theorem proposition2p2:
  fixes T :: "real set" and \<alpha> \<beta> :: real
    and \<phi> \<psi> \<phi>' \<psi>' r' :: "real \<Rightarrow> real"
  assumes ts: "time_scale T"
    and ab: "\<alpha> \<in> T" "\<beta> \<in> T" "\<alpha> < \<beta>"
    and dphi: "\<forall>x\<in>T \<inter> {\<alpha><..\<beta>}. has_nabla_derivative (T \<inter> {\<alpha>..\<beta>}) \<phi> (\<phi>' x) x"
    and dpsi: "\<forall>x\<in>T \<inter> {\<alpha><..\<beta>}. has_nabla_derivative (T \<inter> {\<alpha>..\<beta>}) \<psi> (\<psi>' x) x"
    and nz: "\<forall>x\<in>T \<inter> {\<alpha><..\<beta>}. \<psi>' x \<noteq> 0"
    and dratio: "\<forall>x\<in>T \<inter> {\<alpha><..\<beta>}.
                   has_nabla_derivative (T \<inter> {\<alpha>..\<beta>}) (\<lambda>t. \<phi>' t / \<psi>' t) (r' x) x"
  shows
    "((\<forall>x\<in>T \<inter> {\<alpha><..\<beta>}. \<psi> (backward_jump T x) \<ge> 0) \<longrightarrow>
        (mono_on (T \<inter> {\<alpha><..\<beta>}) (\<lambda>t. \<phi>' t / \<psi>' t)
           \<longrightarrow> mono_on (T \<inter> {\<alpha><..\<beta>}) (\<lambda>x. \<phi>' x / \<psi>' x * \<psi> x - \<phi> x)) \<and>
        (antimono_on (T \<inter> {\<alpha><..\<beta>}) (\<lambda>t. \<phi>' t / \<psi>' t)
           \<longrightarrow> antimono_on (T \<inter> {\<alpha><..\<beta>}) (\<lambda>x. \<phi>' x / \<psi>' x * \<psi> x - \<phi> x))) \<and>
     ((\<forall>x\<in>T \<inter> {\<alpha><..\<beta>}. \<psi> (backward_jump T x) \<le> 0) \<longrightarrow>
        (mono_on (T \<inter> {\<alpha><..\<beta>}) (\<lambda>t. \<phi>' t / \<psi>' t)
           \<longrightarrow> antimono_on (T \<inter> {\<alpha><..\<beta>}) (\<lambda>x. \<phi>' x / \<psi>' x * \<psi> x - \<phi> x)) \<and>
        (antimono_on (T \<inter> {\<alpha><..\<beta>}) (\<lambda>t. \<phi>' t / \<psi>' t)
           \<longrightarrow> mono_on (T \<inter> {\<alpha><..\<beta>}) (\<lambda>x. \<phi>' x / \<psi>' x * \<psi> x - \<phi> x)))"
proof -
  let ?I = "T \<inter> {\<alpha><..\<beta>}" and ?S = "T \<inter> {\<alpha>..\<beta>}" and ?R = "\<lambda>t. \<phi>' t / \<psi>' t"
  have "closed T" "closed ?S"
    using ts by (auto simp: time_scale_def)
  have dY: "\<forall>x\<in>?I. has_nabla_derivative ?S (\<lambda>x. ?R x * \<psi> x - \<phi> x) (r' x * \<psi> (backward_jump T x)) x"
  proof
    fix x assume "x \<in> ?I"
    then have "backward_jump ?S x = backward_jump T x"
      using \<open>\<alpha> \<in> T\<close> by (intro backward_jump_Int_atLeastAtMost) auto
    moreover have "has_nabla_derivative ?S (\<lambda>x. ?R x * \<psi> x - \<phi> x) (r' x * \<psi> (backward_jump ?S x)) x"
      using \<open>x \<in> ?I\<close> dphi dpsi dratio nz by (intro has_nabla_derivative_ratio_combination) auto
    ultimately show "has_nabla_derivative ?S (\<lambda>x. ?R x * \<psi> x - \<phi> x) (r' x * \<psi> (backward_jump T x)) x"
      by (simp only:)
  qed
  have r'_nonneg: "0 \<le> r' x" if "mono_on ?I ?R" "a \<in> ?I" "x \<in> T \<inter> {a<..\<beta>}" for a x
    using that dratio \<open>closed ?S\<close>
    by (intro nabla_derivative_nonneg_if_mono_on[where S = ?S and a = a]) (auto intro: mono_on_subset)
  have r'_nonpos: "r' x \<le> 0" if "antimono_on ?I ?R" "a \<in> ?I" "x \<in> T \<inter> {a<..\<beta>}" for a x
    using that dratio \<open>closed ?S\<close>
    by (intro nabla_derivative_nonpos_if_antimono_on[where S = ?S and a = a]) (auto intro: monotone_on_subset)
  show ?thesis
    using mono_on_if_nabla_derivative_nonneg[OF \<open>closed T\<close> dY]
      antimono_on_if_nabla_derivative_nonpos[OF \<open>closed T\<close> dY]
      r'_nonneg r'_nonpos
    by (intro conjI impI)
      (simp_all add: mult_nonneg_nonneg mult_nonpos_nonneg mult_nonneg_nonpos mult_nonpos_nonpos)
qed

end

§ WORK TO COMPLETE
Repeat the data above. Change nothing.

§ WRITTEN SOLUTION
theorem proposition2p2:
  fixes T :: "real set" and \<alpha> \<beta> :: real
    and \<phi> \<psi> \<phi>' \<psi>' r' :: "real \<Rightarrow> real"
  assumes ts: "time_scale T"
    and ab: "\<alpha> \<in> T" "\<beta> \<in> T" "\<alpha> < \<beta>"
    and dphi: "\<forall>x\<in>T \<inter> {\<alpha><..\<beta>}. has_nabla_derivative (T \<inter> {\<alpha>..\<beta>}) \<phi> (\<phi>' x) x"
    and dpsi: "\<forall>x\<in>T \<inter> {\<alpha><..\<beta>}. has_nabla_derivative (T \<inter> {\<alpha>..\<beta>}) \<psi> (\<psi>' x) x"
    and nz: "\<forall>x\<in>T \<inter> {\<alpha><..\<beta>}. \<psi>' x \<noteq> 0"
    and dratio: "\<forall>x\<in>T \<inter> {\<alpha><..\<beta>}.
                   has_nabla_derivative (T \<inter> {\<alpha>..\<beta>}) (\<lambda>t. \<phi>' t / \<psi>' t) (r' x) x"
  shows
    "((\<forall>x\<in>T \<inter> {\<alpha><..\<beta>}. \<psi> (backward_jump T x) \<ge> 0) \<longrightarrow>
        (mono_on (T \<inter> {\<alpha><..\<beta>}) (\<lambda>t. \<phi>' t / \<psi>' t)
           \<longrightarrow> mono_on (T \<inter> {\<alpha><..\<beta>}) (\<lambda>x. \<phi>' x / \<psi>' x * \<psi> x - \<phi> x)) \<and>
        (antimono_on (T \<inter> {\<alpha><..\<beta>}) (\<lambda>t. \<phi>' t / \<psi>' t)
           \<longrightarrow> antimono_on (T \<inter> {\<alpha><..\<beta>}) (\<lambda>x. \<phi>' x / \<psi>' x * \<psi> x - \<phi> x))) \<and>
     ((\<forall>x\<in>T \<inter> {\<alpha><..\<beta>}. \<psi> (backward_jump T x) \<le> 0) \<longrightarrow>
        (mono_on (T \<inter> {\<alpha><..\<beta>}) (\<lambda>t. \<phi>' t / \<psi>' t)
           \<longrightarrow> antimono_on (T \<inter> {\<alpha><..\<beta>}) (\<lambda>x. \<phi>' x / \<psi>' x * \<psi> x - \<phi> x)) \<and>
        (antimono_on (T \<inter> {\<alpha><..\<beta>}) (\<lambda>t. \<phi>' t / \<psi>' t)
           \<longrightarrow> mono_on (T \<inter> {\<alpha><..\<beta>}) (\<lambda>x. \<phi>' x / \<psi>' x * \<psi> x - \<phi> x)))"
proof -
  let ?I = "T \<inter> {\<alpha><..\<beta>}" and ?S = "T \<inter> {\<alpha>..\<beta>}" and ?R = "\<lambda>t. \<phi>' t / \<psi>' t"
  have "closed T" "closed ?S"
    using ts by (auto simp: time_scale_def)
  have dY: "\<forall>x\<in>?I. has_nabla_derivative ?S (\<lambda>x. ?R x * \<psi> x - \<phi> x) (r' x * \<psi> (backward_jump T x)) x"
  proof
    fix x assume "x \<in> ?I"
    then have "backward_jump ?S x = backward_jump T x"
      using \<open>\<alpha> \<in> T\<close> by (intro backward_jump_Int_atLeastAtMost) auto
    moreover have "has_nabla_derivative ?S (\<lambda>x. ?R x * \<psi> x - \<phi> x) (r' x * \<psi> (backward_jump ?S x)) x"
      using \<open>x \<in> ?I\<close> dphi dpsi dratio nz by (intro has_nabla_derivative_ratio_combination) auto
    ultimately show "has_nabla_derivative ?S (\<lambda>x. ?R x * \<psi> x - \<phi> x) (r' x * \<psi> (backward_jump T x)) x"
      by (simp only:)
  qed
  have r'_nonneg: "0 \<le> r' x" if "mono_on ?I ?R" "a \<in> ?I" "x \<in> T \<inter> {a<..\<beta>}" for a x
    using that dratio \<open>closed ?S\<close>
    by (intro nabla_derivative_nonneg_if_mono_on[where S = ?S and a = a]) (auto intro: mono_on_subset)
  have r'_nonpos: "r' x \<le> 0" if "antimono_on ?I ?R" "a \<in> ?I" "x \<in> T \<inter> {a<..\<beta>}" for a x
    using that dratio \<open>closed ?S\<close>
    by (intro nabla_derivative_nonpos_if_antimono_on[where S = ?S and a = a]) (auto intro: monotone_on_subset)
  show ?thesis
    using mono_on_if_nabla_derivative_nonneg[OF \<open>closed T\<close> dY]
      antimono_on_if_nabla_derivative_nonpos[OF \<open>closed T\<close> dY]
      r'_nonneg r'_nonpos
    by (intro conjI impI)
      (simp_all add: mult_nonneg_nonneg mult_nonpos_nonneg mult_nonneg_nonpos mult_nonpos_nonpos)
qed

end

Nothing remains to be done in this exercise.